§ DIRECTIONS: Which of the lines below hold "space"? Please return each one.
═══ LISTED RECORDS
subsection \<open>The space \<open>C([a,b],\<real>\<^sub>\<I>)\<close>\<close>

lemma in_Cfun_iff:
  "f \<in> Cfun a b \<longleftrightarrow> (\<forall>x. 0 < iw (f x)) \<and> (\<forall>x. x \<notin> {a..b} \<longrightarrow> f x = izero)
     \<and> continuous_on {a..b} (\<lambda>x. ivl_to_complex (f x))"
proof -
  have "icontinuous_on {a..b} f \<longleftrightarrow> continuous_on {a..b} (\<lambda>x. ivl_to_complex (f x))"
    if "\<forall>x. 0 < iw (f x)"
    unfolding icontinuous_on_def continuous_on_iff dist_real_def
    using that by (simp add: idist_eq_dist_ivl_to_complex)
  moreover have "(\<forall>x\<in>{a..b}. f x \<in> ivl_nums) \<and> (\<forall>x. x \<notin> {a..b} \<longrightarrow> f x = izero)
      \<longleftrightarrow> (\<forall>x. 0 < iw (f x)) \<and> (\<forall>x. x \<notin> {a..b} \<longrightarrow> f x = izero)"
    unfolding ivl_nums_iff_iw_pos by (metis iw_izero zero_less_one)
  ultimately show ?thesis
    unfolding Cfun_def by blast
qed

lemma Cfun_iw_pos: "f \<in> Cfun a b \<Longrightarrow> 0 < iw (f x)"
  by (simp add: in_Cfun_iff)

lemma Cfun_outside: "f \<in> Cfun a b \<Longrightarrow> x \<notin> {a..b} \<Longrightarrow> f x = izero"
  by (simp add: in_Cfun_iff)

lemma Cfun_continuous_on: "f \<in> Cfun a b \<Longrightarrow> continuous_on {a..b} (\<lambda>x. ivl_to_complex (f x))"
  by (simp add: in_Cfun_iff)

lemma fadd_in_Cfun:
  assumes f: "f \<in> Cfun a b" and g: "g \<in> Cfun a b"
  shows "fadd f g \<in> Cfun a b"
proof -
  have "continuous_on {a..b} (\<lambda>x. ivl_to_complex (f x) + ivl_to_complex (g x))"
    using f g by (intro continuous_intros Cfun_continuous_on)
  then show ?thesis
    using Cfun_iw_pos[OF f] Cfun_iw_pos[OF g] Cfun_outside[OF f] Cfun_outside[OF g]
    by (simp add: in_Cfun_iff fadd_def ivl_to_complex_ops iadd_izero)
qed

lemma fscale_in_Cfun:
  assumes f: "f \<in> Cfun a b"
  shows "fscale k f \<in> Cfun a b"
proof -
  have "continuous_on {a..b} (\<lambda>x. k *\<^sub>R ivl_to_complex (f x))"
    using f by (intro continuous_intros Cfun_continuous_on)
  then show ?thesis
    using Cfun_iw_pos[OF f] Cfun_outside[OF f]
    by (simp add: in_Cfun_iff fscale_def ivl_to_complex_ops iscale_izero)
qed

lemma fzero_in_Cfun: "fzero \<in> Cfun a b"
  by (simp add: in_Cfun_iff fzero_def)

lemma fadd_assoc: "fadd (fadd f g) h = fadd f (fadd g h)"
  by (simp add: fadd_def iadd_assoc)

lemma fadd_commute: "fadd f g = fadd g f"
  by (simp add: fadd_def iadd_commute)

lemma fadd_fzero: "fadd f fzero = f"
  by (simp add: fadd_def fzero_def iadd_izero)

lemma fadd_fscale_minus_one: "f \<in> Cfun a b \<Longrightarrow> fadd f (fscale (-1) f) = fzero"
  by (simp add: fadd_def fscale_def fzero_def iadd_iscale_minus_one Cfun_iw_pos)

lemma fscale_fadd:
  "f \<in> Cfun a b \<Longrightarrow> g \<in> Cfun a b \<Longrightarrow> fscale k (fadd f g) = fadd (fscale k f) (fscale k g)"
  by (simp add: fadd_def fscale_def iscale_iadd Cfun_iw_pos)

lemma fscale_add: "f \<in> Cfun a b \<Longrightarrow> fscale (k + l) f = fadd (fscale k f) (fscale l f)"
  by (simp add: fadd_def fscale_def iscale_add Cfun_iw_pos)

lemma fscale_fscale: "f \<in> Cfun a b \<Longrightarrow> fscale k (fscale l f) = fscale (k * l) f"
  by (simp add: fscale_def iscale_iscale Cfun_iw_pos)

lemma fscale_one: "f \<in> Cfun a b \<Longrightarrow> fscale 1 f = f"
  by (simp add: fscale_def iscale_one Cfun_iw_pos)

lemma supnorm_eq_sup_norm_on: "supnorm a b f = sup_norm_on {a..b} (\<lambda>x. ivl_to_complex (f x))"
  by (simp add: supnorm_def sup_norm_on_def inorm_eq_norm_ivl_to_complex)

lemma supnorm_nonneg: "a \<le> b \<Longrightarrow> f \<in> Cfun a b \<Longrightarrow> 0 \<le> supnorm a b f"
  by (simp add: supnorm_eq_sup_norm_on sup_norm_on_nonneg Cfun_continuous_on)

lemma supnorm_eq_0_iff: "a \<le> b \<Longrightarrow> f \<in> Cfun a b \<Longrightarrow> supnorm a b f = 0 \<longleftrightarrow> f = fzero"
  unfolding supnorm_eq_sup_norm_on
  by (auto simp: sup_norm_on_eq_0_iff Cfun_continuous_on fzero_def fun_eq_iff
      ivl_to_complex_inject[symmetric] Cfun_iw_pos Cfun_outside)

lemma supnorm_fscale: "a \<le> b \<Longrightarrow> f \<in> Cfun a b \<Longrightarrow> supnorm a b (fscale k f) = \<bar>k\<bar> * supnorm a b f"
  by (simp add: supnorm_eq_sup_norm_on fscale_def ivl_to_complex_iscale Cfun_iw_pos
      sup_norm_on_scaleR Cfun_continuous_on)

lemma supnorm_fadd_le:
  "a \<le> b \<Longrightarrow> f \<in> Cfun a b \<Longrightarrow> g \<in> Cfun a b \<Longrightarrow>
   supnorm a b (fadd f g) \<le> supnorm a b f + supnorm a b g"
  by (simp add: supnorm_eq_sup_norm_on fadd_def ivl_to_complex_iadd Cfun_iw_pos
      sup_norm_on_add_le Cfun_continuous_on)

lemma supnorm_diff:
  "f \<in> Cfun a b \<Longrightarrow> g \<in> Cfun a b \<Longrightarrow>
   supnorm a b (fadd f (fscale (-1) g))
     = sup_norm_on {a..b} (\<lambda>x. ivl_to_complex (f x) - ivl_to_complex (g x))"
  by (simp add: supnorm_eq_sup_norm_on fadd_def fscale_def ivl_to_complex_ops Cfun_iw_pos)

lemma Cfun_complete:
  assumes "a \<le> b" and F: "\<forall>n. F n \<in> Cfun a b"
    and Cauchy: "\<forall>e>0. \<exists>M. \<forall>m\<ge>M. \<forall>n\<ge>M. supnorm a b (fadd (F m) (fscale (-1) (F n))) < e"
  shows "\<exists>f\<in>Cfun a b. (\<lambda>n. supnorm a b (fadd (F n) (fscale (-1) f))) \<longlonglongrightarrow> 0"
proof -
  from F have Fn: "\<And>n. F n \<in> Cfun a b" by blast
  define G where "G n x = ivl_to_complex (F n x)" for n x
  obtain l where l: "continuous_on {a..b} l"
    and lim: "(\<lambda>n. sup_norm_on {a..b} (\<lambda>x. G n x - l x)) \<longlonglongrightarrow> 0"
  proof (rule sup_norm_on_Cauchy_imp_convergent)
    show "compact {a..b}" "{a..b} \<noteq> {}" using \<open>a \<le> b\<close> by simp_all
    show "continuous_on {a..b} (G n)" for n
      unfolding G_def by (rule Cfun_continuous_on[OF Fn])
    show "\<forall>e>0. \<exists>M. \<forall>m\<ge>M. \<forall>n\<ge>M. sup_norm_on {a..b} (\<lambda>x. G m x - G n x) < e"
      using Cauchy by (simp add: G_def supnorm_diff[OF Fn Fn])
  qed
  define f where "f x = (if x \<in> {a..b} then complex_to_ivl (l x) else izero)" for x
  have "continuous_on {a..b} (\<lambda>x. ivl_to_complex (f x))"
    using l by (rule continuous_on_eq) (simp add: f_def)
  then have f: "f \<in> Cfun a b"
    by (simp add: in_Cfun_iff f_def)
  have "sup_norm_on {a..b} (\<lambda>x. G n x - l x)
      = sup_norm_on {a..b} (\<lambda>x. ivl_to_complex (F n x) - ivl_to_complex (f x))" for n
    unfolding sup_norm_on_def G_def f_def by (intro SUP_cong) simp_all
  with lim have "(\<lambda>n. supnorm a b (fadd (F n) (fscale (-1) f))) \<longlonglongrightarrow> 0"
    by (simp add: supnorm_diff[OF Fn f])
  with f show ?thesis by blast
qed

theorem theorem3p9:
  fixes a b :: real
  assumes "a < b"
  defines "C \<equiv> Cfun a b" and "N \<equiv> supnorm a b"
  shows
    \<comment> \<open>closure under the pointwise operations\<close>
    "(\<forall>f\<in>C. \<forall>g\<in>C. fadd f g \<in> C) \<and> (\<forall>k. \<forall>f\<in>C. fscale k f \<in> C) \<and> fzero \<in> C
    \<comment> \<open>real vector space axioms\<close>
     \<and> (\<forall>f\<in>C. \<forall>g\<in>C. \<forall>h\<in>C. fadd (fadd f g) h = fadd f (fadd g h))
     \<and> (\<forall>f\<in>C. \<forall>g\<in>C. fadd f g = fadd g f)
     \<and> (\<forall>f\<in>C. fadd f fzero = f)
     \<and> (\<forall>f\<in>C. \<exists>g\<in>C. fadd f g = fzero)
     \<and> (\<forall>k. \<forall>f\<in>C. \<forall>g\<in>C. fscale k (fadd f g) = fadd (fscale k f) (fscale k g))
     \<and> (\<forall>k l. \<forall>f\<in>C. fscale (k + l) f = fadd (fscale k f) (fscale l f))
     \<and> (\<forall>k l. \<forall>f\<in>C. fscale k (fscale l f) = fscale (k * l) f)
     \<and> (\<forall>f\<in>C. fscale 1 f = f)
    \<comment> \<open>the sup norm is a norm\<close>
     \<and> (\<forall>f\<in>C. 0 \<le> N f)
     \<and> (\<forall>f\<in>C. N f = 0 \<longleftrightarrow> f = fzero)
     \<and> (\<forall>k. \<forall>f\<in>C. N (fscale k f) = \<bar>k\<bar> * N f)
     \<and> (\<forall>f\<in>C. \<forall>g\<in>C. N (fadd f g) \<le> N f + N g)
    \<comment> \<open>completeness w.r.t. the norm-induced metric\<close>
     \<and> (\<forall>F. (\<forall>n. F n \<in> C) \<longrightarrow>
           (\<forall>e>0. \<exists>M. \<forall>m\<ge>M. \<forall>n\<ge>M. N (fadd (F m) (fscale (-1) (F n))) < e) \<longrightarrow>
           (\<exists>f\<in>C. (\<lambda>n. N (fadd (F n) (fscale (-1) f))) \<longlonglongrightarrow> 0))"
proof -
  have ab: "a \<le> b" using \<open>a < b\<close> by simp
  have inverse: "\<exists>g\<in>Cfun a b. fadd f g = fzero" if "f \<in> Cfun a b" for f
    using that by (intro bexI[of _ "fscale (-1) f"] fadd_fscale_minus_one fscale_in_Cfun)
  show ?thesis
    unfolding C_def N_def
    by (intro conjI ballI allI impI fadd_commute)
      (simp_all add: fadd_in_Cfun fscale_in_Cfun fzero_in_Cfun fadd_assoc fadd_fzero inverse
        fscale_fadd fscale_add fscale_fscale fscale_one supnorm_nonneg[OF ab] supnorm_eq_0_iff[OF ab]
        supnorm_fscale[OF ab] supnorm_fadd_le[OF ab] Cfun_complete[OF ab])
qed

end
══════
§ RESULT FOR THIS EXERCISE:
subsection \<open>The space \<open>C([a,b],\<real>\<^sub>\<I>)\<close>\<close>
    \<comment> \<open>real vector space axioms\<close>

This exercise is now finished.